| INPUT MATERIAL |
(* Let $\boldsymbol{k}$ be a field of characteristic zero, $P=\boldsymbol{k}[x^1,\dots,x^n]$ with a symplectic Poisson bracket $\{\ ,\ \}$, $I\subseteq P$ a Poisson ideal, $A=P/I$, and $(\Omega_{A|\boldsymbol{k}})^\sharp\subseteq\operatorname{Der}(A)$ the $A$-submodule generated by the classes $\{a,\ \}+I\operatorname{Der}(P)$, $a\in P$. (1) There is a well-defined $A$-bilinear map $\omega^{\mathrm{Ham}}:(\Omega_{A|\boldsymbol{k}})^\sharp\times\operatorname{Der}(A)\to A$ determined by $\omega^{\mathrm{Ham}}(\{a,\ \}+I\operatorname{Der}(P),\,X+I\operatorname{Der}(P))=X(a)+I$ for $a\in P$, $X\in\operatorname{Der}_I(P)$, i.e. the value does not depend on the chosen representatives $a$ and $X$. (2) Let $\delta^{\mathrm{Ham}}$ be the naive de Rham differential of the Lie-Rinehart algebra $((\Omega_{A|\boldsymbol{k}})^\sharp,A)$. Then the restriction of $\omega^{\mathrm{Ham}}$ to $(\Omega_{A|\boldsymbol{k}})^\sharp\times(\Omega_{A|\boldsymbol{k}})^\sharp$, viewed as an element of $\operatorname{Alt}^2_A((\Omega_{A|\boldsymbol{k}})^\sharp,A)$, satisfies $\delta^{\mathrm{Ham}}\omega^{\mathrm{Ham}}=0$.
   Context: The Poisson bracket is symplectic: its Poisson tensor $\Pi^{ij}=\{x^i,x^j\}\in P$ is non-degenerate (invertible). A Poisson ideal is an ideal with $\{I,P\}\subseteq I$. $\operatorname{Der}_I(P)=\{X\in\operatorname{Der}(P):X(I)\subseteq I\}$ and $\operatorname{Der}(A)\cong\operatorname{Der}_I(P)/I\operatorname{Der}(P)$. For a Lie-Rinehart algebra $(L,A)$ (a $\boldsymbol{k}$-Lie algebra and $A$-module $L$ acting on $A$ by derivations with $[X,aY]=X(a)Y+a[X,Y]$, $(aX)(b)=aX(b)$), the naive de Rham complex has cochains $\operatorname{Alt}^m_A(L,A)$ (alternating $A$-multilinear maps $L^m\to A$) and differential given by the Koszul formula $(\mathrm d\omega)(X_0,\dots,X_m)=\sum_i(-1)^iX_i(\omega(X_0,\dots,\widehat{X_i},\dots,X_m))+\sum_{i<j}(-1)^{i+j}\omega([X_i,X_j],X_0,\dots,\widehat{X_i},\dots,\widehat{X_j},\dots,X_m)$. $(\Omega_{A|\boldsymbol{k}})^\sharp$ is a Lie-Rinehart subalgebra of $(\operatorname{Der}(A),A)$ with the commutator bracket. *)

theory Defs
  imports Main "HOL-Library.Poly_Mapping"
begin

text \<open>The polynomial ring P = k[x_i : i in 'n] (the finite type 'n indexes the n variables).\<close>
type_synonym ('n, 'k) mpoly = "('n \<Rightarrow>\<^sub>0 nat) \<Rightarrow>\<^sub>0 'k"

definition Var :: "'n \<Rightarrow> ('n, 'k::comm_ring_1) mpoly" where
  "Var i = Poly_Mapping.single (Poly_Mapping.single i 1) 1"

definition Const :: "'k \<Rightarrow> ('n, 'k::comm_ring_1) mpoly" where
  "Const c = Poly_Mapping.single 0 c"

definition Der :: "(('n, 'k::comm_ring_1) mpoly \<Rightarrow> ('n, 'k) mpoly) set" where
  "Der = {D. (\<forall>p q. D (p + q) = D p + D q) \<and> (\<forall>c p. D (Const c * p) = Const c * D p)
              \<and> (\<forall>p q. D (p * q) = p * D q + q * D p)}"

text \<open>Poisson bracket on P: k-bilinear (via derivation property in the second slot and
  antisymmetry), antisymmetric, Leibniz, Jacobi.\<close>
definition poisson_bracket :: "(('n, 'k::comm_ring_1) mpoly \<Rightarrow> ('n, 'k) mpoly \<Rightarrow> ('n, 'k) mpoly) \<Rightarrow> bool" where
  "poisson_bracket pb \<longleftrightarrow> (\<forall>a. pb a \<in> Der) \<and> (\<forall>a b. pb a b = - pb b a)
     \<and> (\<forall>a b c. pb a (pb b c) + pb b (pb c a) + pb c (pb a b) = 0)"

text \<open>Symplectic: the Poisson tensor (pb x_i x_j) is invertible as a matrix over P.\<close>
definition symplectic :: "(('n::finite, 'k::comm_ring_1) mpoly \<Rightarrow> ('n, 'k) mpoly \<Rightarrow> ('n, 'k) mpoly) \<Rightarrow> bool" where
  "symplectic pb \<longleftrightarrow> (\<exists>Q :: 'n \<Rightarrow> 'n \<Rightarrow> ('n, 'k) mpoly.
      (\<forall>i j. (\<Sum>l\<in>UNIV. pb (Var i) (Var l) * Q l j) = (if i = j then 1 else 0)) \<and>
      (\<forall>i j. (\<Sum>l\<in>UNIV. Q i l * pb (Var l) (Var j)) = (if i = j then 1 else 0)))"

definition is_ideal :: "'a::comm_ring_1 set \<Rightarrow> bool" where
  "is_ideal I \<longleftrightarrow> 0 \<in> I \<and> (\<forall>x\<in>I. \<forall>y\<in>I. x + y \<in> I) \<and> (\<forall>p. \<forall>x\<in>I. p * x \<in> I)"

definition poisson_ideal :: "(('n, 'k::comm_ring_1) mpoly \<Rightarrow> ('n, 'k) mpoly \<Rightarrow> ('n, 'k) mpoly) \<Rightarrow> ('n, 'k) mpoly set \<Rightarrow> bool" where
  "poisson_ideal pb I \<longleftrightarrow> is_ideal I \<and> (\<forall>x\<in>I. \<forall>p. pb x p \<in> I)"

definition scal :: "'a::comm_ring_1 \<Rightarrow> ('a \<Rightarrow> 'a) \<Rightarrow> ('a \<Rightarrow> 'a)" where
  "scal c D = (\<lambda>p. c * D p)"

definition addD :: "('a::comm_ring_1 \<Rightarrow> 'a) \<Rightarrow> ('a \<Rightarrow> 'a) \<Rightarrow> ('a \<Rightarrow> 'a)" where
  "addD D E = (\<lambda>p. D p + E p)"

definition subD :: "('a::comm_ring_1 \<Rightarrow> 'a) \<Rightarrow> ('a \<Rightarrow> 'a) \<Rightarrow> ('a \<Rightarrow> 'a)" where
  "subD D E = (\<lambda>p. D p - E p)"

definition commD :: "('a \<Rightarrow> 'a::comm_ring_1) \<Rightarrow> ('a \<Rightarrow> 'a) \<Rightarrow> ('a \<Rightarrow> 'a)" where
  "commD D E = (\<lambda>p. D (E p) - E (D p))"

inductive_set IDer :: "('n, 'k::comm_ring_1) mpoly set \<Rightarrow> (('n, 'k) mpoly \<Rightarrow> ('n, 'k) mpoly) set"
  for I where
    zero: "(\<lambda>_. 0) \<in> IDer I"
  | step: "D \<in> IDer I \<Longrightarrow> i \<in> I \<Longrightarrow> E \<in> Der \<Longrightarrow> addD D (scal i E) \<in> IDer I"

definition DerI :: "('n, 'k::comm_ring_1) mpoly set \<Rightarrow> (('n, 'k) mpoly \<Rightarrow> ('n, 'k) mpoly) set" where
  "DerI I = {X \<in> Der. \<forall>p\<in>I. X p \<in> I}"

text \<open>Congruence modulo I Der(P) (equality of classes in Der(A)).\<close>
definition congD :: "('n, 'k::comm_ring_1) mpoly set \<Rightarrow> (('n, 'k) mpoly \<Rightarrow> ('n, 'k) mpoly) \<Rightarrow> (('n, 'k) mpoly \<Rightarrow> ('n, 'k) mpoly) \<Rightarrow> bool" where
  "congD I D E \<longleftrightarrow> subD D E \<in> IDer I"

inductive_set HamComb :: "(('n, 'k::comm_ring_1) mpoly \<Rightarrow> ('n, 'k) mpoly \<Rightarrow> ('n, 'k) mpoly) \<Rightarrow> (('n, 'k) mpoly \<Rightarrow> ('n, 'k) mpoly) set"
  for pb where
    zero: "(\<lambda>_. 0) \<in> HamComb pb"
  | step: "D \<in> HamComb pb \<Longrightarrow> addD D (scal c (pb a)) \<in> HamComb pb"

text \<open>Representatives in Der_I(P) of elements of (Omega_{A|k})^sharp, a submodule of Der(A).\<close>
definition Sharp :: "(('n, 'k::comm_ring_1) mpoly \<Rightarrow> ('n, 'k) mpoly \<Rightarrow> ('n, 'k) mpoly) \<Rightarrow> ('n, 'k) mpoly set \<Rightarrow> (('n, 'k) mpoly \<Rightarrow> ('n, 'k) mpoly) set" where
  "Sharp pb I = {D \<in> DerI I. \<exists>H\<in>HamComb pb. congD I D H}"

text \<open>Congruence modulo I (equality in A = P/I).\<close>
definition cong :: "'a::comm_ring_1 set \<Rightarrow> 'a \<Rightarrow> 'a \<Rightarrow> bool" where
  "cong I p q \<longleftrightarrow> p - q \<in> I"

text \<open>w (on representatives) induces a well-defined A-bilinear map
  Sharp/IDer x Der_I/IDer \<rightarrow> P/I with w({a,_}, X) = X(a) mod I.\<close>
definition omegaHam :: "(('n, 'k::comm_ring_1) mpoly \<Rightarrow> ('n, 'k) mpoly \<Rightarrow> ('n, 'k) mpoly) \<Rightarrow> ('n, 'k) mpoly set
    \<Rightarrow> ((('n, 'k) mpoly \<Rightarrow> ('n, 'k) mpoly) \<Rightarrow> (('n, 'k) mpoly \<Rightarrow> ('n, 'k) mpoly) \<Rightarrow> ('n, 'k) mpoly) \<Rightarrow> bool" where
  "omegaHam pb I w \<longleftrightarrow>
     \<comment> \<open>well-defined on classes\<close>
     (\<forall>D\<in>Sharp pb I. \<forall>D'\<in>Sharp pb I. \<forall>X\<in>DerI I. \<forall>X'\<in>DerI I.
        congD I D D' \<longrightarrow> congD I X X' \<longrightarrow> cong I (w D X) (w D' X')) \<and>
     \<comment> \<open>A-linear in the first argument\<close>
     (\<forall>D\<in>Sharp pb I. \<forall>E\<in>Sharp pb I. \<forall>X\<in>DerI I. \<forall>c.
        cong I (w (addD D (scal c E)) X) (w D X + c * w E X)) \<and>
     \<comment> \<open>A-linear in the second argument\<close>
     (\<forall>D\<in>Sharp pb I. \<forall>X\<in>DerI I. \<forall>Y\<in>DerI I. \<forall>c.
        cong I (w D (addD X (scal c Y))) (w D X + c * w D Y)) \<and>
     \<comment> \<open>defining formula\<close>
     (\<forall>a. \<forall>X\<in>DerI I. cong I (w (pb a) X) (X a))"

| TO DO |
Write down, word for word, the lines above from the one containing "Der. \<forall>p\<in>I. X" through the one containing "D E \<longleftrightarrow>", both ends included.

| TASK ANSWER |
  "DerI I = {X \<in> Der. \<forall>p\<in>I. X p \<in> I}"

text \<open>Congruence modulo I Der(P) (equality of classes in Der(A)).\<close>
definition congD :: "('n, 'k::comm_ring_1) mpoly set \<Rightarrow> (('n, 'k) mpoly \<Rightarrow> ('n, 'k) mpoly) \<Rightarrow> (('n, 'k) mpoly \<Rightarrow> ('n, 'k) mpoly) \<Rightarrow> bool" where
  "congD I D E \<longleftrightarrow> subD D E \<in> IDer I"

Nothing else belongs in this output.